** RECORDS follows **

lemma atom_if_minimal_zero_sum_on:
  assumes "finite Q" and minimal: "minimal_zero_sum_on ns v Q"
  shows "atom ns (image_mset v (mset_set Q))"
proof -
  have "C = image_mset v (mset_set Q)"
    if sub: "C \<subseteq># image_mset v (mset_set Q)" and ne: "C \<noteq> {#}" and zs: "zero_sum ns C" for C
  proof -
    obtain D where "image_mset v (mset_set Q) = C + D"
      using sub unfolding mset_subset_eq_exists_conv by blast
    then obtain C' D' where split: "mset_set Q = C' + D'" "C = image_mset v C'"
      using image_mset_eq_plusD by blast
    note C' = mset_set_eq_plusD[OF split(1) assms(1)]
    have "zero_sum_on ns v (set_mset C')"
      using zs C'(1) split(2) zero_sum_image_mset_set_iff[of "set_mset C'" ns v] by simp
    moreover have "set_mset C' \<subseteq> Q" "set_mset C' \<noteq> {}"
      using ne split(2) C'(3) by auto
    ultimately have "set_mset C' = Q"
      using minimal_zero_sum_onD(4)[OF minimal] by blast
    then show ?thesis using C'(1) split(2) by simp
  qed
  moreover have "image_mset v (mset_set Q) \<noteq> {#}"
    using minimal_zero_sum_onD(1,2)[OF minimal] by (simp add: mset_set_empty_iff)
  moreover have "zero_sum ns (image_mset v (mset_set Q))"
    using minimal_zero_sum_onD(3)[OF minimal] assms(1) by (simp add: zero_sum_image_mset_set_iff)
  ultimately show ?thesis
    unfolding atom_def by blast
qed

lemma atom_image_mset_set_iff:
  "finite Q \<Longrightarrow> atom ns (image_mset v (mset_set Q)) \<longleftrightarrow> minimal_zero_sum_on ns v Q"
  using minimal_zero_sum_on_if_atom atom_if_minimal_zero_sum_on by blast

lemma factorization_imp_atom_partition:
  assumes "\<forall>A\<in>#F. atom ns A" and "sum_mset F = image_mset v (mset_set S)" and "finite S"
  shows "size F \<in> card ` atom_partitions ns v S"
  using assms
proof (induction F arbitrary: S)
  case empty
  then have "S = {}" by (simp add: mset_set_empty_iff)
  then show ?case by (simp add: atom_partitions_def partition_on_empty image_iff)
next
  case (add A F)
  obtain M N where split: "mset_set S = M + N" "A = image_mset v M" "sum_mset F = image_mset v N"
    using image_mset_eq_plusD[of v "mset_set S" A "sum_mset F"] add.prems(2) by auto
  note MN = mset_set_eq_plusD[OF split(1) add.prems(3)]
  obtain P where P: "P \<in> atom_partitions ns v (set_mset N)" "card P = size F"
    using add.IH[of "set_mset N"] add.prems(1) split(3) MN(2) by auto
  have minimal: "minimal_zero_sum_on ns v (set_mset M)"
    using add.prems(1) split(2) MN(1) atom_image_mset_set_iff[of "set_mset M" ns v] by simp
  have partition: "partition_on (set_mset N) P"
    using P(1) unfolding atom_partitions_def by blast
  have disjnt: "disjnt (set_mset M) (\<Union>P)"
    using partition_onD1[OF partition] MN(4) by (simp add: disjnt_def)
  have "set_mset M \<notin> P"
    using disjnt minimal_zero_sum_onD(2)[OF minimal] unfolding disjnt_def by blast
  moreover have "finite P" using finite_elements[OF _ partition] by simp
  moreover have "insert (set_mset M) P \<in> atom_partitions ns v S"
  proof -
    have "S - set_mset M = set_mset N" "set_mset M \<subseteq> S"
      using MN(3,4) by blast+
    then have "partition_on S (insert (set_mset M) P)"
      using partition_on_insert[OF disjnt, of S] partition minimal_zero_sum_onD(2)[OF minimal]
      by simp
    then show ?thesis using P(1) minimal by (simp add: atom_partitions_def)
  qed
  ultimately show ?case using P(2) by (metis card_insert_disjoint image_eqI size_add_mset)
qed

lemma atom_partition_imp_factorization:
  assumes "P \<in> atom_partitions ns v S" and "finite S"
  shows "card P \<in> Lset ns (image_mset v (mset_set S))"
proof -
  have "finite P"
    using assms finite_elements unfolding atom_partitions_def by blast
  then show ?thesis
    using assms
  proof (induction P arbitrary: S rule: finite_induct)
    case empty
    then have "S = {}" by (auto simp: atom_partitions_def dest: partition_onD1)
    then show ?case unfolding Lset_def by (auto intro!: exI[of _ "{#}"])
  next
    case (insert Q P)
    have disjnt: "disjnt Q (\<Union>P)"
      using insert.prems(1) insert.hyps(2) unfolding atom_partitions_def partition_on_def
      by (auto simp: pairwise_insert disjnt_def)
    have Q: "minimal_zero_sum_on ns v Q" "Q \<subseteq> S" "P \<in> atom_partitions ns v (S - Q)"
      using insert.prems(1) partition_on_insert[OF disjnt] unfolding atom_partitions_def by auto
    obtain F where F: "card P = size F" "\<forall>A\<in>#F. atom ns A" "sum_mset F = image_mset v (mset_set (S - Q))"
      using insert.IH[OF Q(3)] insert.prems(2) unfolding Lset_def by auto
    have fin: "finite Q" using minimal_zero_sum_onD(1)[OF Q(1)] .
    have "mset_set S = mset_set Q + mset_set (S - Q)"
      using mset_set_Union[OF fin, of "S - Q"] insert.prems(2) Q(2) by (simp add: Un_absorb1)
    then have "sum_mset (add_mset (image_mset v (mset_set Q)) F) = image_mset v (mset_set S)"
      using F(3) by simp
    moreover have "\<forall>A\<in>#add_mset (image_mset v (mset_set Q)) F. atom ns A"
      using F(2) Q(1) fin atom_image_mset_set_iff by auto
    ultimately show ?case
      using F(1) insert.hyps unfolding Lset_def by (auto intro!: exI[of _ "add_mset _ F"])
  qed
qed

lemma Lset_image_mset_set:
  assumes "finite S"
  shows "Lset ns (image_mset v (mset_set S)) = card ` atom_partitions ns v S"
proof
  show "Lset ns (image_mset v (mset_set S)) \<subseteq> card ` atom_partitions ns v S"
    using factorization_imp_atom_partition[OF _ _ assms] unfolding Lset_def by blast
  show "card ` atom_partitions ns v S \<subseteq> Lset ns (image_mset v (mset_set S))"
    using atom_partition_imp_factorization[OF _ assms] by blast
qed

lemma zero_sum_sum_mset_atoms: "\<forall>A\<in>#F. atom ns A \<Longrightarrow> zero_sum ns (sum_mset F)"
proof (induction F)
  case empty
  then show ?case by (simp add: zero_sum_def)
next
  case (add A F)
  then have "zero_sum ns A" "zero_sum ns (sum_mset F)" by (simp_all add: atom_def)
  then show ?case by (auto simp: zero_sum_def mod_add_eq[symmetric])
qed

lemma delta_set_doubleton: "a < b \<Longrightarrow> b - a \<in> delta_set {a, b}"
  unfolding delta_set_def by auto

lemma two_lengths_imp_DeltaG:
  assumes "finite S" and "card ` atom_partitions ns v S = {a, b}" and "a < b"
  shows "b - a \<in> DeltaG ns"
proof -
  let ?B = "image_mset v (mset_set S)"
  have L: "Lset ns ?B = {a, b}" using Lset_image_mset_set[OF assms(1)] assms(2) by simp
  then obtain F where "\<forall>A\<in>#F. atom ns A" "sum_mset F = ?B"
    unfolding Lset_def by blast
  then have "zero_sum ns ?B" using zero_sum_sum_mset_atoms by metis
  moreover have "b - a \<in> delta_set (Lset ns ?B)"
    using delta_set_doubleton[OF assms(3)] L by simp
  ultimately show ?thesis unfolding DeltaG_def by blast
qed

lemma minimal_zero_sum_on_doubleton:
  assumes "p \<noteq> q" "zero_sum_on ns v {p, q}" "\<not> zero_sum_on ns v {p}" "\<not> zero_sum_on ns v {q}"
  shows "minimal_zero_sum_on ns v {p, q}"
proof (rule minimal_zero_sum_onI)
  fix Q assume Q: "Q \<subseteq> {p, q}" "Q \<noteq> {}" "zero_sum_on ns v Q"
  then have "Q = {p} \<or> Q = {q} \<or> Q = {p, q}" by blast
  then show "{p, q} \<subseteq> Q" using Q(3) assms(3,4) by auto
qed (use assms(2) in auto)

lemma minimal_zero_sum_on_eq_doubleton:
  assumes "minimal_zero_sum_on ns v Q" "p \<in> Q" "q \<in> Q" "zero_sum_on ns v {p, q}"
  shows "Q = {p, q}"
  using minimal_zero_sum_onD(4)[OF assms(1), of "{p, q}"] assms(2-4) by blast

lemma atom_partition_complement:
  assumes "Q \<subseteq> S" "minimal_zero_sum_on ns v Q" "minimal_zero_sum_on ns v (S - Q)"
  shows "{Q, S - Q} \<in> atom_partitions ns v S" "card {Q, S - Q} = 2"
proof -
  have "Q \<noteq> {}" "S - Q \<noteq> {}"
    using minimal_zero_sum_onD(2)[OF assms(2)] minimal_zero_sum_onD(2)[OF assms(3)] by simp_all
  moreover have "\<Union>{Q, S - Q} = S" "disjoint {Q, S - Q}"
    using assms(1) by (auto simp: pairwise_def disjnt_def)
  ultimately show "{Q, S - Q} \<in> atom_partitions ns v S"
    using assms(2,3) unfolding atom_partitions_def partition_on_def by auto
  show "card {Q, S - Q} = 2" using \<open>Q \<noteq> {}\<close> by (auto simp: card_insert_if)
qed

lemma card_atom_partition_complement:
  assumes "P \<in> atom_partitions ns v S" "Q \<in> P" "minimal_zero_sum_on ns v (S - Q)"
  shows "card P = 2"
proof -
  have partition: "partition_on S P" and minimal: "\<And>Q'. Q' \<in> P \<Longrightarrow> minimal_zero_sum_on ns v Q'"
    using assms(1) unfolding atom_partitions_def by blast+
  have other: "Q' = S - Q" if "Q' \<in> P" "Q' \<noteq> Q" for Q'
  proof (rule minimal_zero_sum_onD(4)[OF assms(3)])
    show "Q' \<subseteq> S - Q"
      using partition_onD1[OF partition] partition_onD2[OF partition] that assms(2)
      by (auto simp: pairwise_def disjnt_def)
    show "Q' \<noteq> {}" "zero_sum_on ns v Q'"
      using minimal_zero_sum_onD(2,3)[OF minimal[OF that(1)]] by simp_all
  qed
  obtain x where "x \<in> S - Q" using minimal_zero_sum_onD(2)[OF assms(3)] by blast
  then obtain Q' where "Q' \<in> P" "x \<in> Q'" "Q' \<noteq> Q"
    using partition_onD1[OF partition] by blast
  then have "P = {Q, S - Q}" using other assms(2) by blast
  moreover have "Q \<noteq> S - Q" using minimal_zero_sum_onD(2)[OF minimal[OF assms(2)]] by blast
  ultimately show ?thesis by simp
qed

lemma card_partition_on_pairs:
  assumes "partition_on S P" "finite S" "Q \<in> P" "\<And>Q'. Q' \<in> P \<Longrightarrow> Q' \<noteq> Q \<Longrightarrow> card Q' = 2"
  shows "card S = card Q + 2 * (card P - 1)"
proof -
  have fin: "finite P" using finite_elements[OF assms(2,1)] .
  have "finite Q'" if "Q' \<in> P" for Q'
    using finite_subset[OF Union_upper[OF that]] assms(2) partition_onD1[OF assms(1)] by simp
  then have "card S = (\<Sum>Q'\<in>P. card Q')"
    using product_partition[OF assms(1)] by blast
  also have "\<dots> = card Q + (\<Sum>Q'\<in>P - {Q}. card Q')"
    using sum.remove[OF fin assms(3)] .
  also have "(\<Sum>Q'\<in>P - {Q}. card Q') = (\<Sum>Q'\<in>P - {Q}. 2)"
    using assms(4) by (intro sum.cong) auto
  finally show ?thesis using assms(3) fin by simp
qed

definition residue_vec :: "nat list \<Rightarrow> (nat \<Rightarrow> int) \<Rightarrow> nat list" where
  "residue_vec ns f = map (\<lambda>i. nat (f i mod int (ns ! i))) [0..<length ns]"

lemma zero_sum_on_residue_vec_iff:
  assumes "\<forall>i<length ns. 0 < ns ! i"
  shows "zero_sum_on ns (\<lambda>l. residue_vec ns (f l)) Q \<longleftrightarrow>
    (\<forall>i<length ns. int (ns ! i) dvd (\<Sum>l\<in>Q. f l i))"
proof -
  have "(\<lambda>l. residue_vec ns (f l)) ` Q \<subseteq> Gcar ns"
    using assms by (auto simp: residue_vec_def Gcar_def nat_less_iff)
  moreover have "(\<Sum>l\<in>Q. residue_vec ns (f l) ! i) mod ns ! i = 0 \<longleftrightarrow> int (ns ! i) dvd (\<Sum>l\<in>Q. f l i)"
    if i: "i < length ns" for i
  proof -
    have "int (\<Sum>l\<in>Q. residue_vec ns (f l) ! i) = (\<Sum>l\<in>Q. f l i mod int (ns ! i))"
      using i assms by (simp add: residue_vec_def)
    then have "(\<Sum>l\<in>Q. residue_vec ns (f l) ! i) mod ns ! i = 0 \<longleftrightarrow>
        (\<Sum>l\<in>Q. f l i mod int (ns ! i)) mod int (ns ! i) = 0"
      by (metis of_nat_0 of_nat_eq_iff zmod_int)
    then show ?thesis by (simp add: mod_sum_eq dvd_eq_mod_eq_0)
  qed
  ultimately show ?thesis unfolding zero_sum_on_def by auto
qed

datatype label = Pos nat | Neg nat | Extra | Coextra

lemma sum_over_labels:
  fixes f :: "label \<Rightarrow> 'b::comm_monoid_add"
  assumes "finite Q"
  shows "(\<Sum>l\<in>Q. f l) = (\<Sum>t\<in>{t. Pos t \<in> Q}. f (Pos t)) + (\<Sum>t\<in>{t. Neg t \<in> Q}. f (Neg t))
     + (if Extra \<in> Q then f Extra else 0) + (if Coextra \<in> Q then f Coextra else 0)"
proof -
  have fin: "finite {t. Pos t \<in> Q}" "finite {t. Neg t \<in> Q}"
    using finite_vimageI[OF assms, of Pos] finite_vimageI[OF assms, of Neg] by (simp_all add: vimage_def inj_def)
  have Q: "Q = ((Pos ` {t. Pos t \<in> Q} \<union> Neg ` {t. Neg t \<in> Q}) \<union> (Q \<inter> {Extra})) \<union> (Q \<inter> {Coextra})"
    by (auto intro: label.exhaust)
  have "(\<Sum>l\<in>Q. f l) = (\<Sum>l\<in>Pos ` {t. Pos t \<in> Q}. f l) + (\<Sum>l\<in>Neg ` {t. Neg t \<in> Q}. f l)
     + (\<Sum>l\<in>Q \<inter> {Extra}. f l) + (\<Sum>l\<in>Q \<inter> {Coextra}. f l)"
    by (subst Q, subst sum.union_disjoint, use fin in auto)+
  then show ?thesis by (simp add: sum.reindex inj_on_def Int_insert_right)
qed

** End of RECORDS **

**ASSIGNED TASK**
Provide only the count of lines above in which the word "case" occurs.

**FINISHED TASK**
12